EXERCISE DESCRIPTION: What is needed here is a word-for-word copy of all the entries below.

GIVEN RECORDS:
lemma kset_if_block_diagonal:
  assumes M: "M \<in> carrier_mat (dimN p q) (dimN p q)"
    and block: "\<And>r c. r < dimN p q \<Longrightarrow> c < dimN p q \<Longrightarrow>
      (pair_base p q r = r) \<noteq> (pair_base p q c = c) \<Longrightarrow> M $$ (r,c) = 0"
  shows "M \<in> kset p q"
  unfolding kset_def
proof (intro CollectI conjI M eq_matI)
  let ?j = "\<lambda>r. if pair_base p q r = r then 1/2 else -1/2 :: complex"
  have J: "Jmat p q \<in> carrier_mat (dimN p q) (dimN p q)" by (simp add: Jmat_def)
  fix r c assume "r < dim_row (0\<^sub>m (dimN p q) (dimN p q) :: complex mat)"
    "c < dim_col (0\<^sub>m (dimN p q) (dimN p q) :: complex mat)"
  then have r: "r < dimN p q" and c: "c < dimN p q" by auto
  have "(Jmat p q * M) $$ (r,c) = (\<Sum>m<dimN p q. if m = r then ?j r * M $$ (m,c) else 0)"
    unfolding mult_mat_entry[OF J M r c] using r by (intro sum.cong) (auto simp: Jmat_entry)
  also have "\<dots> = ?j r * M $$ (r,c)" using r by simp
  finally have JM: "(Jmat p q * M) $$ (r,c) = ?j r * M $$ (r,c)" .
  have "(M * Jmat p q) $$ (r,c) = (\<Sum>m<dimN p q. if m = c then M $$ (r,m) * ?j c else 0)"
    unfolding mult_mat_entry[OF M J r c] using c by (intro sum.cong) (auto simp: Jmat_entry)
  also have "\<dots> = M $$ (r,c) * ?j c" using c by simp
  finally have MJ: "(M * Jmat p q) $$ (r,c) = M $$ (r,c) * ?j c" .
  show "(Jmat p q * M - M * Jmat p q) $$ (r,c) = 0\<^sub>m (dimN p q) (dimN p q) $$ (r,c)"
    using r c J M JM MJ block[OF r c] by (cases "(pair_base p q r = r) = (pair_base p q c = c)") auto
qed (use M in \<open>auto simp: Jmat_def\<close>)

lemma eig_col_opp:
  "k < dimN p q \<Longrightarrow> r < dimN p q \<Longrightarrow>
    eig_col p q (opp_idx p q k) r = (if pair_base p q r = r then 1 else -1) * eig_col p q k r"
  using blk_facts[of k p q] blk_opp[of k p q] by (auto simp: eig_col_def)

lemma eig_row_opp:
  "k < dimN p q \<Longrightarrow> r < dimN p q \<Longrightarrow>
    eig_row p q (opp_idx p q k) r = (if pair_base p q r = r then 1 else -1) * eig_row p q k r"
  using blk_facts[of k p q] blk_opp[of k p q] by (auto simp: eig_row_def)

lemma root_mat_opp_sum_kset:
  assumes k: "k < dimN p q" and l: "l < dimN p q"
  shows "root_mat p q k l + root_mat p q (opp_idx p q k) (opp_idx p q l) \<in> kset p q"
proof (rule kset_if_block_diagonal)
  fix r c assume r: "r < dimN p q" and c: "c < dimN p q"
    and "(pair_base p q r = r) \<noteq> (pair_base p q c = c)"
  then show "(root_mat p q k l + root_mat p q (opp_idx p q k) (opp_idx p q l)) $$ (r,c) = 0"
    by (auto simp: root_mat_entry eig_col_opp[OF k r] eig_row_opp[OF l c])
qed simp

inductive_set mat_span :: "nat \<Rightarrow> complex mat set \<Rightarrow> complex mat set" for n S where
  zero: "0\<^sub>m n n \<in> mat_span n S"
| base: "X \<in> S \<Longrightarrow> X \<in> mat_span n S"
| add: "X \<in> mat_span n S \<Longrightarrow> Y \<in> mat_span n S \<Longrightarrow> X + Y \<in> mat_span n S"
| smult: "X \<in> mat_span n S \<Longrightarrow> c \<cdot>\<^sub>m X \<in> mat_span n S"

lemma mat_span_subset:
  assumes "S \<subseteq> mat_span n T" "X \<in> mat_span n S"
  shows "X \<in> mat_span n T"
  using assms(2) by induction (use assms(1) in \<open>auto intro: mat_span.intros\<close>)

lemma mat_span_carrier:
  assumes "S \<subseteq> carrier_mat n n" "X \<in> mat_span n S"
  shows "X \<in> carrier_mat n n"
  using assms(2) by induction (use assms(1) in auto)

lemma carrier_in_mat_span_emat:
  assumes emat: "\<And>r c. r < n \<Longrightarrow> c < n \<Longrightarrow> emat n r c \<in> mat_span n S"
    and X: "X \<in> carrier_mat n n"
  shows "X \<in> mat_span n S"
proof -
  let ?restr = "\<lambda>P. mat n n (\<lambda>rc. if rc \<in> P then X $$ rc else 0)"
  have "?restr P \<in> mat_span n S" if "finite P" "P \<subseteq> {..<n} \<times> {..<n}" for P
    using that
  proof (induction P rule: finite_induct)
    case empty
    have "?restr {} = 0\<^sub>m n n" by (rule eq_matI) auto
    then show ?case by (simp add: mat_span.zero)
  next
    case (insert rc P)
    obtain r c where rc: "rc = (r,c)" "r < n" "c < n"
      using insert.prems by (cases rc) auto
    have "?restr (insert rc P) = ?restr P + X $$ (r,c) \<cdot>\<^sub>m emat n r c"
    proof (rule eq_matI)
      fix i j assume "i < dim_row (?restr P + X $$ (r,c) \<cdot>\<^sub>m emat n r c)"
        "j < dim_col (?restr P + X $$ (r,c) \<cdot>\<^sub>m emat n r c)"
      then have "i < n" "j < n" by (simp_all add: emat_def)
      then show "?restr (insert rc P) $$ (i,j) = (?restr P + X $$ (r,c) \<cdot>\<^sub>m emat n r c) $$ (i,j)"
        using insert.hyps(2) rc(1) by (simp add: emat_def)
    qed (simp_all add: emat_def)
    moreover have "?restr P \<in> mat_span n S"
      using insert.IH insert.prems by simp
    ultimately show ?case
      using emat[OF rc(2,3)] by (simp add: mat_span.add mat_span.smult)
  qed
  moreover have "?restr ({..<n} \<times> {..<n}) = X"
    using X by (intro eq_matI) auto
  ultimately show ?thesis
    by (metis finite_SigmaI finite_lessThan order_refl)
qed

lemma eig_resolution:
  assumes r: "r < dimN p q" and i: "i < dimN p q"
  shows "eig_col p q (blk_of p q r) i * eig_row p q (blk_of p q r) r
      + eig_col p q (opp_idx p q (blk_of p q r)) i * eig_row p q (opp_idx p q (blk_of p q r)) r
      = (if i = r then 1 else 0)"
    and "eig_col p q (blk_of p q r) r * eig_row p q (blk_of p q r) i
      + eig_col p q (opp_idx p q (blk_of p q r)) r * eig_row p q (opp_idx p q (blk_of p q r)) i
      = (if i = r then 1 else 0)"
proof -
  define k where "k = blk_of p q r"
  have k: "k < dimN p q" and rk: "r = blk_fst p q k \<or> r = blk_snd p q k"
    using blk_of_facts[OF r] by (auto simp: k_def)
  note facts = rk blk_facts[OF k] blk_opp[OF k] blk_sign_cases[of p q k]
  show "eig_col p q (blk_of p q r) i * eig_row p q (blk_of p q r) r
      + eig_col p q (opp_idx p q (blk_of p q r)) i * eig_row p q (opp_idx p q (blk_of p q r)) r
      = (if i = r then 1 else 0)"
    unfolding k_def[symmetric] using facts by (auto simp: eig_col_def eig_row_def)
  show "eig_col p q (blk_of p q r) r * eig_row p q (blk_of p q r) i
      + eig_col p q (opp_idx p q (blk_of p q r)) r * eig_row p q (opp_idx p q (blk_of p q r)) i
      = (if i = r then 1 else 0)"
    unfolding k_def[symmetric] using facts by (auto simp: eig_col_def eig_row_def)
qed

FINISHED TASK:
lemma kset_if_block_diagonal:
  assumes M: "M \<in> carrier_mat (dimN p q) (dimN p q)"
    and block: "\<And>r c. r < dimN p q \<Longrightarrow> c < dimN p q \<Longrightarrow>
      (pair_base p q r = r) \<noteq> (pair_base p q c = c) \<Longrightarrow> M $$ (r,c) = 0"
  shows "M \<in> kset p q"
  unfolding kset_def
proof (intro CollectI conjI M eq_matI)
  let ?j = "\<lambda>r. if pair_base p q r = r then 1/2 else -1/2 :: complex"
  have J: "Jmat p q \<in> carrier_mat (dimN p q) (dimN p q)" by (simp add: Jmat_def)
  fix r c assume "r < dim_row (0\<^sub>m (dimN p q) (dimN p q) :: complex mat)"
    "c < dim_col (0\<^sub>m (dimN p q) (dimN p q) :: complex mat)"
  then have r: "r < dimN p q" and c: "c < dimN p q" by auto
  have "(Jmat p q * M) $$ (r,c) = (\<Sum>m<dimN p q. if m = r then ?j r * M $$ (m,c) else 0)"
    unfolding mult_mat_entry[OF J M r c] using r by (intro sum.cong) (auto simp: Jmat_entry)
  also have "\<dots> = ?j r * M $$ (r,c)" using r by simp
  finally have JM: "(Jmat p q * M) $$ (r,c) = ?j r * M $$ (r,c)" .
  have "(M * Jmat p q) $$ (r,c) = (\<Sum>m<dimN p q. if m = c then M $$ (r,m) * ?j c else 0)"
    unfolding mult_mat_entry[OF M J r c] using c by (intro sum.cong) (auto simp: Jmat_entry)
  also have "\<dots> = M $$ (r,c) * ?j c" using c by simp
  finally have MJ: "(M * Jmat p q) $$ (r,c) = M $$ (r,c) * ?j c" .
  show "(Jmat p q * M - M * Jmat p q) $$ (r,c) = 0\<^sub>m (dimN p q) (dimN p q) $$ (r,c)"
    using r c J M JM MJ block[OF r c] by (cases "(pair_base p q r = r) = (pair_base p q c = c)") auto
qed (use M in \<open>auto simp: Jmat_def\<close>)

lemma eig_col_opp:
  "k < dimN p q \<Longrightarrow> r < dimN p q \<Longrightarrow>
    eig_col p q (opp_idx p q k) r = (if pair_base p q r = r then 1 else -1) * eig_col p q k r"
  using blk_facts[of k p q] blk_opp[of k p q] by (auto simp: eig_col_def)

lemma eig_row_opp:
  "k < dimN p q \<Longrightarrow> r < dimN p q \<Longrightarrow>
    eig_row p q (opp_idx p q k) r = (if pair_base p q r = r then 1 else -1) * eig_row p q k r"
  using blk_facts[of k p q] blk_opp[of k p q] by (auto simp: eig_row_def)

lemma root_mat_opp_sum_kset:
  assumes k: "k < dimN p q" and l: "l < dimN p q"
  shows "root_mat p q k l + root_mat p q (opp_idx p q k) (opp_idx p q l) \<in> kset p q"
proof (rule kset_if_block_diagonal)
  fix r c assume r: "r < dimN p q" and c: "c < dimN p q"
    and "(pair_base p q r = r) \<noteq> (pair_base p q c = c)"
  then show "(root_mat p q k l + root_mat p q (opp_idx p q k) (opp_idx p q l)) $$ (r,c) = 0"
    by (auto simp: root_mat_entry eig_col_opp[OF k r] eig_row_opp[OF l c])
qed simp

inductive_set mat_span :: "nat \<Rightarrow> complex mat set \<Rightarrow> complex mat set" for n S where
  zero: "0\<^sub>m n n \<in> mat_span n S"
| base: "X \<in> S \<Longrightarrow> X \<in> mat_span n S"
| add: "X \<in> mat_span n S \<Longrightarrow> Y \<in> mat_span n S \<Longrightarrow> X + Y \<in> mat_span n S"
| smult: "X \<in> mat_span n S \<Longrightarrow> c \<cdot>\<^sub>m X \<in> mat_span n S"

lemma mat_span_subset:
  assumes "S \<subseteq> mat_span n T" "X \<in> mat_span n S"
  shows "X \<in> mat_span n T"
  using assms(2) by induction (use assms(1) in \<open>auto intro: mat_span.intros\<close>)

lemma mat_span_carrier:
  assumes "S \<subseteq> carrier_mat n n" "X \<in> mat_span n S"
  shows "X \<in> carrier_mat n n"
  using assms(2) by induction (use assms(1) in auto)

lemma carrier_in_mat_span_emat:
  assumes emat: "\<And>r c. r < n \<Longrightarrow> c < n \<Longrightarrow> emat n r c \<in> mat_span n S"
    and X: "X \<in> carrier_mat n n"
  shows "X \<in> mat_span n S"
proof -
  let ?restr = "\<lambda>P. mat n n (\<lambda>rc. if rc \<in> P then X $$ rc else 0)"
  have "?restr P \<in> mat_span n S" if "finite P" "P \<subseteq> {..<n} \<times> {..<n}" for P
    using that
  proof (induction P rule: finite_induct)
    case empty
    have "?restr {} = 0\<^sub>m n n" by (rule eq_matI) auto
    then show ?case by (simp add: mat_span.zero)
  next
    case (insert rc P)
    obtain r c where rc: "rc = (r,c)" "r < n" "c < n"
      using insert.prems by (cases rc) auto
    have "?restr (insert rc P) = ?restr P + X $$ (r,c) \<cdot>\<^sub>m emat n r c"
    proof (rule eq_matI)
      fix i j assume "i < dim_row (?restr P + X $$ (r,c) \<cdot>\<^sub>m emat n r c)"
        "j < dim_col (?restr P + X $$ (r,c) \<cdot>\<^sub>m emat n r c)"
      then have "i < n" "j < n" by (simp_all add: emat_def)
      then show "?restr (insert rc P) $$ (i,j) = (?restr P + X $$ (r,c) \<cdot>\<^sub>m emat n r c) $$ (i,j)"
        using insert.hyps(2) rc(1) by (simp add: emat_def)
    qed (simp_all add: emat_def)
    moreover have "?restr P \<in> mat_span n S"
      using insert.IH insert.prems by simp
    ultimately show ?case
      using emat[OF rc(2,3)] by (simp add: mat_span.add mat_span.smult)
  qed
  moreover have "?restr ({..<n} \<times> {..<n}) = X"
    using X by (intro eq_matI) auto
  ultimately show ?thesis
    by (metis finite_SigmaI finite_lessThan order_refl)
qed

lemma eig_resolution:
  assumes r: "r < dimN p q" and i: "i < dimN p q"
  shows "eig_col p q (blk_of p q r) i * eig_row p q (blk_of p q r) r
      + eig_col p q (opp_idx p q (blk_of p q r)) i * eig_row p q (opp_idx p q (blk_of p q r)) r
      = (if i = r then 1 else 0)"
    and "eig_col p q (blk_of p q r) r * eig_row p q (blk_of p q r) i
      + eig_col p q (opp_idx p q (blk_of p q r)) r * eig_row p q (opp_idx p q (blk_of p q r)) i
      = (if i = r then 1 else 0)"
proof -
  define k where "k = blk_of p q r"
  have k: "k < dimN p q" and rk: "r = blk_fst p q k \<or> r = blk_snd p q k"
    using blk_of_facts[OF r] by (auto simp: k_def)
  note facts = rk blk_facts[OF k] blk_opp[OF k] blk_sign_cases[of p q k]
  show "eig_col p q (blk_of p q r) i * eig_row p q (blk_of p q r) r
      + eig_col p q (opp_idx p q (blk_of p q r)) i * eig_row p q (opp_idx p q (blk_of p q r)) r
      = (if i = r then 1 else 0)"
    unfolding k_def[symmetric] using facts by (auto simp: eig_col_def eig_row_def)
  show "eig_col p q (blk_of p q r) r * eig_row p q (blk_of p q r) i
      + eig_col p q (opp_idx p q (blk_of p q r)) r * eig_row p q (opp_idx p q (blk_of p q r)) i
      = (if i = r then 1 else 0)"
    unfolding k_def[symmetric] using facts by (auto simp: eig_col_def eig_row_def)
qed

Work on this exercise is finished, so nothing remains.